lemma nu_dsum: "n \<ge> 1 \<Longrightarrow> k \<ge> 1 \<Longrightarrow> A \<in> msa st n \<Longrightarrow> B \<in> msa st k
    \<Longrightarrow> \<nu> (n + k) (dsum n k A B) = max (\<nu> n A) (\<nu> k B)"
  using MOS unfolding LinfMOS_def LinfMOS_mod_def by blast

lemma S_zero [simp]: "0 \<in> S"
  using subspace by (simp add: sa_subspace_def)

lemma S_add: "x \<in> S \<Longrightarrow> y \<in> S \<Longrightarrow> x + y \<in> S"
  using subspace by (simp add: sa_subspace_def)

lemma S_scale: "x \<in> S \<Longrightarrow> sc c x \<in> S"
  using subspace by (simp add: sa_subspace_def)

lemma S_minus: "x \<in> S \<Longrightarrow> - x \<in> S"
  using S_scale[of x "-1"] by simp

lemma S_diff: "x \<in> S \<Longrightarrow> y \<in> S \<Longrightarrow> x - y \<in> S"
  using S_add[OF _ S_minus[of y], of x] by simp

lemma S_scaleR: "x \<in> S \<Longrightarrow> r *\<^sub>R x \<in> S"
  using S_scale[of x "complex_of_real r"] by (simp add: sc_of_real)

lemma S_sum: "(\<And>i. i \<in> I \<Longrightarrow> f i \<in> S) \<Longrightarrow> sum f I \<in> S"
  using subspace
  by (induction I rule: infinite_finite_induct) (auto simp: sa_subspace_def)

lemma msa_iff: "A \<in> msa st n \<longleftrightarrow> A \<in> mats n \<and> (\<forall>i j. st (A j i) = A i j)"
  unfolding msa_def mstar_def by (auto simp: fun_eq_iff)

lemma msa_add: "A \<in> msa st n \<Longrightarrow> B \<in> msa st n \<Longrightarrow> (\<lambda>i j. A i j + B i j) \<in> msa st n"
  by (auto simp: msa_iff mats_def ST.add)

lemma msa_diff: "A \<in> msa st n \<Longrightarrow> B \<in> msa st n \<Longrightarrow> (\<lambda>i j. A i j - B i j) \<in> msa st n"
  by (auto simp: msa_iff mats_def ST.diff)

lemma msa_uminus: "A \<in> msa st n \<Longrightarrow> (\<lambda>i j. - A i j) \<in> msa st n"
  by (auto simp: msa_iff mats_def ST.minus)

lemma msa_scaleR: "A \<in> msa st n \<Longrightarrow> (\<lambda>i j. t *\<^sub>R A i j) \<in> msa st n"
  by (auto simp: msa_iff mats_def st_scaleR)

lemma msa_congr:
  assumes "A \<in> msa st n"
  shows "congr sc n k X A \<in> msa st k"
proof -
  have sa: "st (A p q) = A q p" for p q using assms by (simp add: msa_iff)
  have "st (congr sc n k X A j i) = congr sc n k X A i j" for i j
  proof (cases "i < k \<and> j < k")
    case True
    have "st (\<Sum>p<n. \<Sum>q<n. sc (cnj (X p j) * X q i) (A p q))
        = (\<Sum>p<n. \<Sum>q<n. sc (cnj (X q i) * X p j) (A q p))"
      by (simp add: ST.sum st_sc sa mult.commute)
    also have "\<dots> = (\<Sum>q<n. \<Sum>p<n. sc (cnj (X q i) * X p j) (A q p))" by (rule sum.swap)
    finally show ?thesis using True by (auto simp: congr_def)
  qed (auto simp: congr_def ST.zero)
  then show ?thesis by (auto simp: msa_iff mats_def congr_def)
qed

lemma msa_dsum: "A \<in> msa st n \<Longrightarrow> B \<in> msa st k \<Longrightarrow> dsum n k A B \<in> msa st (n + k)"
  by (auto simp: msa_iff mats_def dsum_def ST.zero)

lemma congr_diff:
  "congr sc n k X (\<lambda>i j. B i j - A i j) = (\<lambda>i j. congr sc n k X B i j - congr sc n k X A i j)"
  by (auto simp: congr_def M.scale_right_diff_distrib sum_subtractf intro!: ext)

lemma congr_in_S: "(\<And>i j. M i j \<in> S) \<Longrightarrow> congr sc n k X M i j \<in> S"
  by (auto simp: congr_def intro!: S_sum S_scale)

lemma congr_block_inclusion:
  assumes "m + r \<le> N"
  shows "congr sc N r (block_inclusion m) C = (\<lambda>i j. if i < r \<and> j < r then C (i + m) (j + m) else 0)"
proof (intro ext)
  fix i j
  have sc_if: "sc (if P then c else c') x = (if P then sc c x else sc c' x)" for P c c' x
    by simp
  have "(\<Sum>p<N. \<Sum>q<N. sc (cnj (block_inclusion m p i) * block_inclusion m q j) (C p q))
      = (\<Sum>p<N. if p = i + m then (\<Sum>q<N. if q = j + m then C p q else 0) else 0)"
    by (intro sum.cong) (auto simp: block_inclusion_def sc_if M.scale_one M.scale_zero_left
        cong: if_cong intro!: sum.cong sum.neutral)
  then show "congr sc N r (block_inclusion m) C i j = (if i < r \<and> j < r then C (i + m) (j + m) else 0)"
    using assms by (auto simp: congr_def)
qed

lemma sum_two_point_column:
  assumes "i < n" "k < n" "\<And>x y. f (x + y) = f x + f y" "f 0 = 0"
  shows "(\<Sum>q<n. sc (f (two_point_column i k a b q 0)) (m q)) = sc (f a) (m i) + sc (f b) (m k)"
proof -
  have "(\<Sum>q<n. sc (f (two_point_column i k a b q 0)) (m q))
      = (\<Sum>q<n. (if q = i then sc (f a) (m q) else 0) + (if q = k then sc (f b) (m q) else 0))"
    using assms(3,4) by (intro sum.cong) (auto simp: two_point_column_def M.scale_left_distrib)
  with assms show ?thesis by (simp add: sum.distrib)
qed

lemma congr_two_point_column:
  assumes "i < n" "k < n"
  shows "congr sc n 1 (two_point_column i k a b) M = emb1 (pair_compression sc i k a b M)"
proof (intro ext)
  fix r s
  let ?X = "two_point_column i k a b"
  have inner: "(\<Sum>q<n. sc (c * ?X q 0) (M p q)) = sc (c * a) (M p i) + sc (c * b) (M p k)" for c p
    by (rule sum_two_point_column[where f = "\<lambda>x. c * x"]) (simp_all add: assms distrib_left)
  have outer: "(\<Sum>p<n. sc (cnj (?X p 0) * c) (N p)) = sc (cnj a * c) (N i) + sc (cnj b * c) (N k)" for c N
    by (rule sum_two_point_column[where f = "\<lambda>x. cnj x * c"]) (simp_all add: assms distrib_right)
  have "(\<Sum>p<n. \<Sum>q<n. sc (cnj (?X p 0) * ?X q 0) (M p q))
      = (\<Sum>p<n. sc (cnj (?X p 0) * a) (M p i)) + (\<Sum>p<n. sc (cnj (?X p 0) * b) (M p k))"
    by (simp add: inner sum.distrib)
  also have "\<dots> = pair_compression sc i k a b M"
    by (simp add: outer pair_compression_def add_ac)
  finally show "congr sc n 1 (two_point_column i k a b) M r s = emb1 (pair_compression sc i k a b M) r s"
    by (auto simp: congr_def emb1_def)
qed

definition coset :: "nat \<Rightarrow> (nat \<Rightarrow> nat \<Rightarrow> 'v) \<Rightarrow> (nat \<Rightarrow> nat \<Rightarrow> 'v) set" where
  "coset n A = {B. B \<in> msa st n \<and> (\<lambda>i j. B i j - A i j) \<in> mats_in S n \<inter> msa st n}"

lemma quot_gauge_coset: "quot_gauge st \<nu> S n A = Inf (\<nu> n ` coset n A)"
  unfolding quot_gauge_def coset_def by (intro arg_cong[where f = Inf]) blast

lemma coset_iff: "A \<in> msa st n \<Longrightarrow> B \<in> coset n A \<longleftrightarrow> B \<in> msa st n \<and> (\<forall>i j. B i j - A i j \<in> S)"
  unfolding coset_def by (auto simp: msa_diff mats_in_def msa_iff mats_def ST.diff)

lemma self_in_coset: "A \<in> msa st n \<Longrightarrow> A \<in> coset n A"
  by (simp add: coset_iff)

lemma quot_gauge_le: "n \<ge> 1 \<Longrightarrow> A \<in> msa st n \<Longrightarrow> B \<in> coset n A \<Longrightarrow> quot_gauge st \<nu> S n A \<le> \<nu> n B"
  unfolding quot_gauge_coset
  by (rule cInf_lower) (auto simp: coset_def intro!: bdd_belowI[of _ 0] nu_nonneg)

lemma quot_gauge_greatest:
  "A \<in> msa st n \<Longrightarrow> (\<And>B. B \<in> coset n A \<Longrightarrow> c \<le> \<nu> n B) \<Longrightarrow> c \<le> quot_gauge st \<nu> S n A"
  unfolding quot_gauge_coset by (rule cInf_greatest) (auto dest: self_in_coset)

lemma quot_gauge_mult_greatest:
  assumes "A \<in> msa st n" "0 \<le> t" and le: "\<And>B. B \<in> coset n A \<Longrightarrow> c \<le> t * \<nu> n B"
  shows "c \<le> t * quot_gauge st \<nu> S n A"
proof (cases "t = 0")
  case True
  then show ?thesis using le[OF self_in_coset[OF assms(1)]] by simp
next
  case False
  with assms have "c / t \<le> quot_gauge st \<nu> S n A"
    by (intro quot_gauge_greatest) (auto simp: field_simps mult.commute)
  with False assms(2) show ?thesis by (simp add: field_simps mult.commute)
qed

lemma quot_gauge_lessD:
  "A \<in> msa st n \<Longrightarrow> quot_gauge st \<nu> S n A < e \<Longrightarrow> \<exists>B\<in>coset n A. \<nu> n B < e"
  unfolding quot_gauge_coset using cInf_lessD[of "\<nu> n ` coset n A" e] self_in_coset by blast

lemma quot_gauge_nonneg: "n \<ge> 1 \<Longrightarrow> A \<in> msa st n \<Longrightarrow> 0 \<le> quot_gauge st \<nu> S n A"
  by (rule quot_gauge_greatest) (auto simp: coset_def intro: nu_nonneg)

lemma quot_gauge_zero_imp_null_sequence:
  assumes "n \<ge> 1" "A \<in> msa st n" "quot_gauge st \<nu> S n A = 0"
  obtains B where "\<And>j. B j \<in> coset n A" "(\<lambda>j. \<nu> n (B j)) \<longlonglongrightarrow> 0"
proof -
  have "\<exists>B\<in>coset n A. \<nu> n B < inverse (real (Suc j))" for j
    using quot_gauge_lessD[OF assms(2), of "inverse (real (Suc j))"] assms(3) by simp
  then obtain B where B: "\<And>j. B j \<in> coset n A" "\<And>j. \<nu> n (B j) < inverse (real (Suc j))"
    by metis
  have "0 \<le> \<nu> n (B j)" for j
    using B(1) assms(1) by (simp add: coset_def nu_nonneg)
  with B(2) have "(\<lambda>j. \<nu> n (B j)) \<longlonglongrightarrow> 0"
    by (intro tendsto_sandwich[OF _ _ tendsto_const LIMSEQ_inverse_real_of_nat])
       (auto intro: always_eventually less_imp_le)
  with B(1) show thesis by (rule that)
qed

lemma quot_gauge_coset_invariant:
  assumes "A \<in> msa st n" "B \<in> msa st n" "(\<lambda>i j. A i j - B i j) \<in> mats_in S n"
  shows "quot_gauge st \<nu> S n A = quot_gauge st \<nu> S n B"
proof -
  have AB: "\<forall>i j. A i j - B i j \<in> S" using assms(3) by (simp add: mats_in_def)
  have "C i j - A i j \<in> S \<longleftrightarrow> C i j - B i j \<in> S" for C i j
    using S_diff[OF _ AB[rule_format, of i j], of "C i j - B i j"]
      S_add[OF _ AB[rule_format, of i j], of "C i j - A i j"] by auto
  then have "coset n A = coset n B" using assms by (auto simp: coset_iff)
  then show ?thesis by (simp add: quot_gauge_coset)
qed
###
Set down, from the entries above, exactly the lines from the one with "with assms have" up to and including the one with "n \<Longrightarrow> 0", and no other lines.

  with assms have "c / t \<le> quot_gauge st \<nu> S n A"
    by (intro quot_gauge_greatest) (auto simp: field_simps mult.commute)
  with False assms(2) show ?thesis by (simp add: field_simps mult.commute)
qed

lemma quot_gauge_lessD:
  "A \<in> msa st n \<Longrightarrow> quot_gauge st \<nu> S n A < e \<Longrightarrow> \<exists>B\<in>coset n A. \<nu> n B < e"
  unfolding quot_gauge_coset using cInf_lessD[of "\<nu> n ` coset n A" e] self_in_coset by blast

lemma quot_gauge_nonneg: "n \<ge> 1 \<Longrightarrow> A \<in> msa st n \<Longrightarrow> 0 \<le> quot_gauge st \<nu> S n A"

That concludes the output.